• **Input**
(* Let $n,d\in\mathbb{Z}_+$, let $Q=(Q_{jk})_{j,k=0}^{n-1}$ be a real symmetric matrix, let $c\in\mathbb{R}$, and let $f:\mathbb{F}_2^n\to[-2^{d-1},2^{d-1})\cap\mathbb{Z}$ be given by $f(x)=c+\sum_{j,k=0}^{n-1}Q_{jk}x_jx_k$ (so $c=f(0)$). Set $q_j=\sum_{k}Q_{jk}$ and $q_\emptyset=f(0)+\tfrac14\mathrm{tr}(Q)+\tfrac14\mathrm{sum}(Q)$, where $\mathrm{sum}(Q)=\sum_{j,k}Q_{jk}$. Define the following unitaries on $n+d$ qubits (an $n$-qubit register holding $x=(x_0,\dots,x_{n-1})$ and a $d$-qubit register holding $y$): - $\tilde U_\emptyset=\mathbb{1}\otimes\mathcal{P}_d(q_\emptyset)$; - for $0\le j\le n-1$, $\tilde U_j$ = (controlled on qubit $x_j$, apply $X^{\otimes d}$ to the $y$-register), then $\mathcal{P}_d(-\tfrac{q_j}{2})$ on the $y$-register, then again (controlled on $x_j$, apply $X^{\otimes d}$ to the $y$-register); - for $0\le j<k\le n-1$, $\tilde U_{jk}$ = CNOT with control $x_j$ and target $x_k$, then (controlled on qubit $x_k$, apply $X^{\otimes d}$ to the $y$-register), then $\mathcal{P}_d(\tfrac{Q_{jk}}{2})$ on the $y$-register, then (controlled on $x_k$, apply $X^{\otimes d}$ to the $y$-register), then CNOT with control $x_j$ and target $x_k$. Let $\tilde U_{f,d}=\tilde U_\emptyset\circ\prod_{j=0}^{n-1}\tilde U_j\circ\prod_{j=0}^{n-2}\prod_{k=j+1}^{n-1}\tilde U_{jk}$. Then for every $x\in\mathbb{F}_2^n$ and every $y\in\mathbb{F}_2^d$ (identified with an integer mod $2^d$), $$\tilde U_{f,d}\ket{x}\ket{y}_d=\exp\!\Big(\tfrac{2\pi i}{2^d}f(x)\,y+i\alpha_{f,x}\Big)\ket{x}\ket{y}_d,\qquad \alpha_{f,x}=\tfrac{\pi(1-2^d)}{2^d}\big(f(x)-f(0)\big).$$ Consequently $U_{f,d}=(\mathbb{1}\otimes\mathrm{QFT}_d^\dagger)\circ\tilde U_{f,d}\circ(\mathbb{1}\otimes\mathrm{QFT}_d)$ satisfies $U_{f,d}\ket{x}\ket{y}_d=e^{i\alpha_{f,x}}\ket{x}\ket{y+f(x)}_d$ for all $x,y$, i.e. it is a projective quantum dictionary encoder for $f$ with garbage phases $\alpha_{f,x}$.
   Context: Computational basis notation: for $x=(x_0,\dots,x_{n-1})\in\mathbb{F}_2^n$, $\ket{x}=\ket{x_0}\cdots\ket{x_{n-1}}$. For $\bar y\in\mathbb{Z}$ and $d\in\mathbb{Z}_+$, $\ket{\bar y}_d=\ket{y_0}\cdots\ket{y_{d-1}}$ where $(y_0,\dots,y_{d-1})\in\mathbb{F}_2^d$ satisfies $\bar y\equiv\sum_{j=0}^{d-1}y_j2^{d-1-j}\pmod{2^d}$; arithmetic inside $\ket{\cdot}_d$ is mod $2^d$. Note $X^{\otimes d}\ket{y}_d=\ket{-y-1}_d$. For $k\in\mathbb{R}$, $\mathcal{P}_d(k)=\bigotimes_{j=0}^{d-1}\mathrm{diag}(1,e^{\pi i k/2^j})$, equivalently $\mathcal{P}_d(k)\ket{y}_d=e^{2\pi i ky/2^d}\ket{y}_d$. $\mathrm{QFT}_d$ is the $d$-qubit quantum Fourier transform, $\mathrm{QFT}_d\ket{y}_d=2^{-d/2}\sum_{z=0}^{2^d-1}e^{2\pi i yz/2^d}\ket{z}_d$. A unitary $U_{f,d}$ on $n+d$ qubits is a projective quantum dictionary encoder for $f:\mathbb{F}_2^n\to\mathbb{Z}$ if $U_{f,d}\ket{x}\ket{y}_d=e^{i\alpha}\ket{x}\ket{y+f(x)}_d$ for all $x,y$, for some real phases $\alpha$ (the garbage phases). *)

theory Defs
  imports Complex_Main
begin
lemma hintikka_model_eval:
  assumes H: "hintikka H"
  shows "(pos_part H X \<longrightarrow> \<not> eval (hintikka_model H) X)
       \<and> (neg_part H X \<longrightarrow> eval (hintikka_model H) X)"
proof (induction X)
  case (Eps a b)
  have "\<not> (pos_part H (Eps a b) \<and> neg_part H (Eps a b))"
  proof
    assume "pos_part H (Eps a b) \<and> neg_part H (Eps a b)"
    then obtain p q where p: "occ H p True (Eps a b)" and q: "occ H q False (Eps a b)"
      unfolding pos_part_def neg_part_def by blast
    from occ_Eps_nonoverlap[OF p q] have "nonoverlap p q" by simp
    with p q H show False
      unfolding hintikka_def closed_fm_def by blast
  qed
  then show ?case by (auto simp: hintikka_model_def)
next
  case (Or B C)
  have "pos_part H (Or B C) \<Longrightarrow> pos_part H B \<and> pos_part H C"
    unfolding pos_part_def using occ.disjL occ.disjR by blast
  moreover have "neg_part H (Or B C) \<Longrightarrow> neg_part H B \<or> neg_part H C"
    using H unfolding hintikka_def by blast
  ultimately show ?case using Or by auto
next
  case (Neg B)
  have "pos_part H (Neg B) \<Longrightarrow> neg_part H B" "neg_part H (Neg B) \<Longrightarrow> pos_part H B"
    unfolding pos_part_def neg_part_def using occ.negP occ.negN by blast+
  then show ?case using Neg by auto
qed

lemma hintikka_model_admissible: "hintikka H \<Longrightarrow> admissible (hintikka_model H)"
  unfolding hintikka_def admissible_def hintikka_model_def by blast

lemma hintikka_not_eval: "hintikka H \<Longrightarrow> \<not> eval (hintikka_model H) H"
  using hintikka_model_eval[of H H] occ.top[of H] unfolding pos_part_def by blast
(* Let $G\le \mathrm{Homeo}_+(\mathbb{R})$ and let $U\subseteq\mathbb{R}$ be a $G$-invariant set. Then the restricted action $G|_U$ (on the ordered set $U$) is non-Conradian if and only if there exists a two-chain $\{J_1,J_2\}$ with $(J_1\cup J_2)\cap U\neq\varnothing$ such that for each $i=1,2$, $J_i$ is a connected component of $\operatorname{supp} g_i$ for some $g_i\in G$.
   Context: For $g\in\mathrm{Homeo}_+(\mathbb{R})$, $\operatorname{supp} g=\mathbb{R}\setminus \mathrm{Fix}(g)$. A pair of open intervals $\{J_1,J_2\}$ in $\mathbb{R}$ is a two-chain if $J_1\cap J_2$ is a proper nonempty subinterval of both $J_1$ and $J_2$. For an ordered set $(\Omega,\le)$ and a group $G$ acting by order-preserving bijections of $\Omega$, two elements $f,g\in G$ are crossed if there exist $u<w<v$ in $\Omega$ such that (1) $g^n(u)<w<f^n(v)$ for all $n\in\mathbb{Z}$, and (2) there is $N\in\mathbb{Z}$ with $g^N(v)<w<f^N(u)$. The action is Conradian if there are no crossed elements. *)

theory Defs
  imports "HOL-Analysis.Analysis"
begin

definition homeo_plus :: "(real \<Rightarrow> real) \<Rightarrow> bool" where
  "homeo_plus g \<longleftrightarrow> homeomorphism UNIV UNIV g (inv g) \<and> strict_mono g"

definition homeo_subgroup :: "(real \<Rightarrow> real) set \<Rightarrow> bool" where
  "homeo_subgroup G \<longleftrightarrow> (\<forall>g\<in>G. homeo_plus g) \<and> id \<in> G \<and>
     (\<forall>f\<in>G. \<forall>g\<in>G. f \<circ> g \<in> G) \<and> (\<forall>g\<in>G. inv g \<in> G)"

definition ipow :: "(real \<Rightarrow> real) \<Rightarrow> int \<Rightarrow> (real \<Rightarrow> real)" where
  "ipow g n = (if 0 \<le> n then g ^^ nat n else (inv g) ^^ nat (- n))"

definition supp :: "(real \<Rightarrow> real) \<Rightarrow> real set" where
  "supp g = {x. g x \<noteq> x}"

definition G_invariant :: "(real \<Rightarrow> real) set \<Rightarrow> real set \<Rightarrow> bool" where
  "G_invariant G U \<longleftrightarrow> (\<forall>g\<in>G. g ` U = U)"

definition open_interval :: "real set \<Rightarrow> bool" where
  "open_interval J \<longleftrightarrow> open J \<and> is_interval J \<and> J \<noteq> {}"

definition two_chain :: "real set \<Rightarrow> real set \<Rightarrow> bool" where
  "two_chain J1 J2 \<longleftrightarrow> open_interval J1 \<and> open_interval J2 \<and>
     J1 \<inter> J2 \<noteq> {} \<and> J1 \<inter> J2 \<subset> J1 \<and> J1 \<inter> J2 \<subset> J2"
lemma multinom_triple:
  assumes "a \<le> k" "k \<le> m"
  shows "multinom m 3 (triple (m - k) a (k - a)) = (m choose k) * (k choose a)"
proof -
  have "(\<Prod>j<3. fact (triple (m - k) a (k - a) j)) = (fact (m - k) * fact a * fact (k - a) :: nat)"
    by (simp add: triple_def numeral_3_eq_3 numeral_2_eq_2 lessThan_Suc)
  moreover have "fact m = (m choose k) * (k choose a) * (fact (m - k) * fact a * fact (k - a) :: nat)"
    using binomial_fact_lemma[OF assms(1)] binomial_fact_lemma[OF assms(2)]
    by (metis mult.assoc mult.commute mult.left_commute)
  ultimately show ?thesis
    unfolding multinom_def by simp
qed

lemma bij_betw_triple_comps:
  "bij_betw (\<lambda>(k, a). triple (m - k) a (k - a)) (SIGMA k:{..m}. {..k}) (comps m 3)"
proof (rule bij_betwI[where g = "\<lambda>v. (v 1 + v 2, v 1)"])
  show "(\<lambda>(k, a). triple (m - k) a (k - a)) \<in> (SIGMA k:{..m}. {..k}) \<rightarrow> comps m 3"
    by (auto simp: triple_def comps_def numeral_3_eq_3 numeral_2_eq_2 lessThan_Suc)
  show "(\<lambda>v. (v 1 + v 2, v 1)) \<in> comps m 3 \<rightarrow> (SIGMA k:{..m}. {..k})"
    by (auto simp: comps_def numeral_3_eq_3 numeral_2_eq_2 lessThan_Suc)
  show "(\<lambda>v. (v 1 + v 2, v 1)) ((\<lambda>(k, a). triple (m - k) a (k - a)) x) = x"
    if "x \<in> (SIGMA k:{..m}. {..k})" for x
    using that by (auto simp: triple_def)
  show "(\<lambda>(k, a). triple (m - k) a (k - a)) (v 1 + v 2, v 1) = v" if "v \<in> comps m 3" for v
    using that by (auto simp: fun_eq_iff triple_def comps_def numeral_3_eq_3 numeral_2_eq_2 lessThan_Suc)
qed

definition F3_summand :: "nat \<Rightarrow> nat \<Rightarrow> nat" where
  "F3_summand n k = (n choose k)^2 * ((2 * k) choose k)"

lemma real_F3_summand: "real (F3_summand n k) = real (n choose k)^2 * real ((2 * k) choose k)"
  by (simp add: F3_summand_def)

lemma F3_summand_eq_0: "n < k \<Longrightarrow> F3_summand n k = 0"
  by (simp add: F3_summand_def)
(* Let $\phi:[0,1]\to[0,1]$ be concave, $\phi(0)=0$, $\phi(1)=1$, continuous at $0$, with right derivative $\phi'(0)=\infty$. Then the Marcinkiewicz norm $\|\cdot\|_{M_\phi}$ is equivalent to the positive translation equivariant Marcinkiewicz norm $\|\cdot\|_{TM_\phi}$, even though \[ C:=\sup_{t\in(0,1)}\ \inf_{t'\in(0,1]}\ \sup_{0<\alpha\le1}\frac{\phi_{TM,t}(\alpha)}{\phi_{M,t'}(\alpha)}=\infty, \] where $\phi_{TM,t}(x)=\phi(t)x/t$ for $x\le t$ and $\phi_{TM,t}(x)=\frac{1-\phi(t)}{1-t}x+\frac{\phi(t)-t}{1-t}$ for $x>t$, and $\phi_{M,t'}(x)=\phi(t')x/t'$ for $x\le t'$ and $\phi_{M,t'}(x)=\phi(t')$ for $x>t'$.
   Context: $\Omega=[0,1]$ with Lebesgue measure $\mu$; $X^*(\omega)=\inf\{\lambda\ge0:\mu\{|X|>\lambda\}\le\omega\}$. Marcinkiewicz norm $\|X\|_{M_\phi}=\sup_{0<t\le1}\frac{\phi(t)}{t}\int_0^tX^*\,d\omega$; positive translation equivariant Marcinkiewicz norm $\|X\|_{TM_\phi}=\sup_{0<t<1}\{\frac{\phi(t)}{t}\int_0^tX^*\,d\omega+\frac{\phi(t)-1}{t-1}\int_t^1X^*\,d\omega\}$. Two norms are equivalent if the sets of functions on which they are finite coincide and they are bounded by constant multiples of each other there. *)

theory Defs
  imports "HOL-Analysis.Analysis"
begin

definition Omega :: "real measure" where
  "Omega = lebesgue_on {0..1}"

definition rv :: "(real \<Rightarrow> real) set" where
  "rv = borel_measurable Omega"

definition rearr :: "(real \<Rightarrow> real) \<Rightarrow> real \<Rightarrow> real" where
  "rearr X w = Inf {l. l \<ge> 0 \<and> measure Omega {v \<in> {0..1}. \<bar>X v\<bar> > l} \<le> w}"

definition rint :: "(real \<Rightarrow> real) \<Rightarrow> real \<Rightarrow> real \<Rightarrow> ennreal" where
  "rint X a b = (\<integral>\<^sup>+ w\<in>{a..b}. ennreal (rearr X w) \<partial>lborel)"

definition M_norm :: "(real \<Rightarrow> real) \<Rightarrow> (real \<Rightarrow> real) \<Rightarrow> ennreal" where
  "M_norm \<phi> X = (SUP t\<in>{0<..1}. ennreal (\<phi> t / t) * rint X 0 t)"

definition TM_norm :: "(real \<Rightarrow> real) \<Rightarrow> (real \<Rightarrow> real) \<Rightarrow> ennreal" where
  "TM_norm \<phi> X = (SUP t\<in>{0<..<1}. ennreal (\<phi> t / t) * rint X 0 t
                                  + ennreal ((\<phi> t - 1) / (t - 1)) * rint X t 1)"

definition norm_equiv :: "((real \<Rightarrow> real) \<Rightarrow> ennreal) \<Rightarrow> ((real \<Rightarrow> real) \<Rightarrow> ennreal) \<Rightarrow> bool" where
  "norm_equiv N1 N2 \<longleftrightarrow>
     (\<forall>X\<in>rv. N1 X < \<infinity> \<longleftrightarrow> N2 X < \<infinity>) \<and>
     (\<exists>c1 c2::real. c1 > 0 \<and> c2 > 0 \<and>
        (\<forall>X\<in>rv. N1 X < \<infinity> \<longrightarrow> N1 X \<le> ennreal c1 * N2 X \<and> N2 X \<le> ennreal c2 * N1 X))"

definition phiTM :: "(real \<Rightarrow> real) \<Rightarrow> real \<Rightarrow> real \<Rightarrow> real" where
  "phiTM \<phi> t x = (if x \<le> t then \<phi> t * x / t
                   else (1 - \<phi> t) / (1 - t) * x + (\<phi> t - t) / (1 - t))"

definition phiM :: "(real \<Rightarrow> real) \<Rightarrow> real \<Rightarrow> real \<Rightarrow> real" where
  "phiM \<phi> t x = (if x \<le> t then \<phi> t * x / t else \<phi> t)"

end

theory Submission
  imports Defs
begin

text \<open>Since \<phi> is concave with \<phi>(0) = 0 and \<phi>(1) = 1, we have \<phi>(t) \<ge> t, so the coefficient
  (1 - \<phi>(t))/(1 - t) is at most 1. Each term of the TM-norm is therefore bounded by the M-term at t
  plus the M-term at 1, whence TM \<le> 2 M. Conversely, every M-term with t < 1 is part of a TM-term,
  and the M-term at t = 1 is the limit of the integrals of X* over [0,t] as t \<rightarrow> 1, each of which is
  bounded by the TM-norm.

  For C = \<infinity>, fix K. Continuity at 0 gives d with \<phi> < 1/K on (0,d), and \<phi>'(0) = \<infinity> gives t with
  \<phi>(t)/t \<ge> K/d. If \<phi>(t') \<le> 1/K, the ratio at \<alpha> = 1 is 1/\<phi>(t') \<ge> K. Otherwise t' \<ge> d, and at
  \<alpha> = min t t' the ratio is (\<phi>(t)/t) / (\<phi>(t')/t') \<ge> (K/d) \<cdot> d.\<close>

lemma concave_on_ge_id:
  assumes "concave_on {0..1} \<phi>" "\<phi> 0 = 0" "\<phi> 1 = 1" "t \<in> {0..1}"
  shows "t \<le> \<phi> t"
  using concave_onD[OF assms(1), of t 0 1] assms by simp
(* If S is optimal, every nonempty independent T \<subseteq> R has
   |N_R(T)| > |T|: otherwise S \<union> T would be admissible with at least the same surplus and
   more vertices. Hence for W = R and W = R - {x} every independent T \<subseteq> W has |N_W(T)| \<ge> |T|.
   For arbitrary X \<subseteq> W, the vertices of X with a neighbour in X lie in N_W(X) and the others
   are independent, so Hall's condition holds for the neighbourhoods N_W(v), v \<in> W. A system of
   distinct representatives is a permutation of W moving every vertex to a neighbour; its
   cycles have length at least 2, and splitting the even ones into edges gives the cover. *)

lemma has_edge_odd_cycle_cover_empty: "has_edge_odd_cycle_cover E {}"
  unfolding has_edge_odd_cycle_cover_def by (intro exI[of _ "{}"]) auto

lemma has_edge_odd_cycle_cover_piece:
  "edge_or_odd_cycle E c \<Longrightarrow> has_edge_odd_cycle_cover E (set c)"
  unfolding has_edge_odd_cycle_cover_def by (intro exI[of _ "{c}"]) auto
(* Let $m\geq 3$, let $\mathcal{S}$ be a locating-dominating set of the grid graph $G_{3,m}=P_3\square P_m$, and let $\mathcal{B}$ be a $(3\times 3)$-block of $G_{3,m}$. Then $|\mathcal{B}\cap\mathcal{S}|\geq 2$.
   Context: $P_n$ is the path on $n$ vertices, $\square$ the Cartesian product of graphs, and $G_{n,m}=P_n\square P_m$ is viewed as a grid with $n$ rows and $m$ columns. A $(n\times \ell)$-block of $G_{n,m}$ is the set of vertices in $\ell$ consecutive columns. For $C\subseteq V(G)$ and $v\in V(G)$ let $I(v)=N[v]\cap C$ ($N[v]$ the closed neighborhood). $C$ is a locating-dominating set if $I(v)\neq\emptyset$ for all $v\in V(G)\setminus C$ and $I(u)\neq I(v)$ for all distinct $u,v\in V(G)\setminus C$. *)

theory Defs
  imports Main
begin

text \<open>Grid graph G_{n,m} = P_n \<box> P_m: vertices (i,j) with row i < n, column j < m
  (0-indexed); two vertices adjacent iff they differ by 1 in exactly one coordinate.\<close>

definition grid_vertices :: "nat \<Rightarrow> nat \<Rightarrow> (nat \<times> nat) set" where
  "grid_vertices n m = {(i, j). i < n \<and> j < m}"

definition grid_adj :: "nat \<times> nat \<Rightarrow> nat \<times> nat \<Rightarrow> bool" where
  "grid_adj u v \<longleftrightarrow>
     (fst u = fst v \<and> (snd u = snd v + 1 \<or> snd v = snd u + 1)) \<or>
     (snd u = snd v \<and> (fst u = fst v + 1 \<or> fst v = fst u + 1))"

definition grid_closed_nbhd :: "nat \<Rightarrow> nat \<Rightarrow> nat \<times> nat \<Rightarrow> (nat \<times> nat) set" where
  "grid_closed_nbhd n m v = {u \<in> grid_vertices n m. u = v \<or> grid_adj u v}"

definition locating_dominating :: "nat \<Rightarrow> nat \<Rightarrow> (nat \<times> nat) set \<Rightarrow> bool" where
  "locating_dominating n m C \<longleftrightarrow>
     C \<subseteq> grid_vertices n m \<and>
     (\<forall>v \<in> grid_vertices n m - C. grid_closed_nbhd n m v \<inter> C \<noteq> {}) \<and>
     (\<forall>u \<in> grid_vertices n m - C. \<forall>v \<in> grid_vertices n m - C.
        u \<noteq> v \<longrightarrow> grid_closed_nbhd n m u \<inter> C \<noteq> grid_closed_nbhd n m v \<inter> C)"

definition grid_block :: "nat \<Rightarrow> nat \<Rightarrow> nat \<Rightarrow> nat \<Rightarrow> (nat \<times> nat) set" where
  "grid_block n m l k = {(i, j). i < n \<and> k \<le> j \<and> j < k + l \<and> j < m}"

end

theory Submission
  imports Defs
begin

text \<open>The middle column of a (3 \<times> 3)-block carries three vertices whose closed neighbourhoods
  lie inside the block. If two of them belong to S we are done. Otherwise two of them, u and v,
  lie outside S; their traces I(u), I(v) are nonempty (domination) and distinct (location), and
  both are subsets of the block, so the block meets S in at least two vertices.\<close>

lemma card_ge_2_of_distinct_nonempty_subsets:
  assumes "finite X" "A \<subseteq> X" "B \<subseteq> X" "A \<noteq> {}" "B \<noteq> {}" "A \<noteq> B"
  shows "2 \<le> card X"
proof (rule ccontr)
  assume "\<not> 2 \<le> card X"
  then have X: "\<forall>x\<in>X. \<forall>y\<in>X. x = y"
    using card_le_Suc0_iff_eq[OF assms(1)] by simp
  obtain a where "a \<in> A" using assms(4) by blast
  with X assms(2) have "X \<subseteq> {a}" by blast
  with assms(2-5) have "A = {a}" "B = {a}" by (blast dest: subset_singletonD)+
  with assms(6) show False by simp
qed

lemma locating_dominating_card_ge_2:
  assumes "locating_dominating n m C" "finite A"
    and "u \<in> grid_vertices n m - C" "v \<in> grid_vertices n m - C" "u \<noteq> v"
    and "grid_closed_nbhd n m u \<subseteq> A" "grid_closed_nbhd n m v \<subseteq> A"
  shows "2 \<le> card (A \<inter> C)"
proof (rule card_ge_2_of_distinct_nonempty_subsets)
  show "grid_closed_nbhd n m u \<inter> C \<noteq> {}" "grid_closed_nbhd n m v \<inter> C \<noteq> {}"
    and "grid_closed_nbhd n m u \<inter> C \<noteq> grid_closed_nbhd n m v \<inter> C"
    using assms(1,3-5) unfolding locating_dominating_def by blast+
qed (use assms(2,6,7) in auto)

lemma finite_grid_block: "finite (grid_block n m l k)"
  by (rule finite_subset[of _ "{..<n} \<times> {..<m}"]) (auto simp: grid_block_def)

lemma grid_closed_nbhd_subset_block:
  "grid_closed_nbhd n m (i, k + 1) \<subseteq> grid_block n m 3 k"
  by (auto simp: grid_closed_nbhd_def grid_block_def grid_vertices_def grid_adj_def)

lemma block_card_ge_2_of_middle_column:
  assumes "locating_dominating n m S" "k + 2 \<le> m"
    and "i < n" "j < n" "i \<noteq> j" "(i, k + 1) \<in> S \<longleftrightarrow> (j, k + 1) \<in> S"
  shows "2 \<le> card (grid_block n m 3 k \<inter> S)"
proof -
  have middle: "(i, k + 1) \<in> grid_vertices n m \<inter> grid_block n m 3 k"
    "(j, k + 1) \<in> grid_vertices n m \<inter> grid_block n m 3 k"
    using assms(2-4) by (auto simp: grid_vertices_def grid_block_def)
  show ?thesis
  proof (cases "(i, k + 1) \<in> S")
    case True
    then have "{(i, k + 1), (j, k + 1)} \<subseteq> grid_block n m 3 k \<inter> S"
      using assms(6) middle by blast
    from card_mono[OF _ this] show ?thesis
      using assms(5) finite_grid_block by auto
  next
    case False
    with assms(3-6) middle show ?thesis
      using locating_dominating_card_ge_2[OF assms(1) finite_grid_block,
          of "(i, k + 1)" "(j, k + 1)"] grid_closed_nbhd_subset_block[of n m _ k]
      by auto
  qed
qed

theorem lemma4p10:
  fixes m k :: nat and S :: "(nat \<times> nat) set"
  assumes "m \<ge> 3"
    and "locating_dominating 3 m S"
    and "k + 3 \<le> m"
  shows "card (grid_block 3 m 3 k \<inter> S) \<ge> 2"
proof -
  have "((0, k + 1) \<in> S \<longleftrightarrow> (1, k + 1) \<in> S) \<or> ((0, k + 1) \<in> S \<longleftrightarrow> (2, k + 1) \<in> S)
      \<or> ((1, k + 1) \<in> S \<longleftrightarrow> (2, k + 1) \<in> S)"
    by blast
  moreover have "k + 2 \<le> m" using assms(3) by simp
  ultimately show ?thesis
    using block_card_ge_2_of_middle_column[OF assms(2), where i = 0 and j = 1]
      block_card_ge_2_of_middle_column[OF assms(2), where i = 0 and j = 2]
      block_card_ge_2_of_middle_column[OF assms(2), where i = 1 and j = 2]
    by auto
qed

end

• **Goal of the exercise**
Filter the entries and copy each line with "else".

• **Result for this task**
  "ipow g n = (if 0 \<le> n then g ^^ nat n else (inv g) ^^ nat (- n))"
                   else (1 - \<phi> t) / (1 - t) * x + (\<phi> t - t) / (1 - t))"
  "phiM \<phi> t x = (if x \<le> t then \<phi> t * x / t else \<phi> t)"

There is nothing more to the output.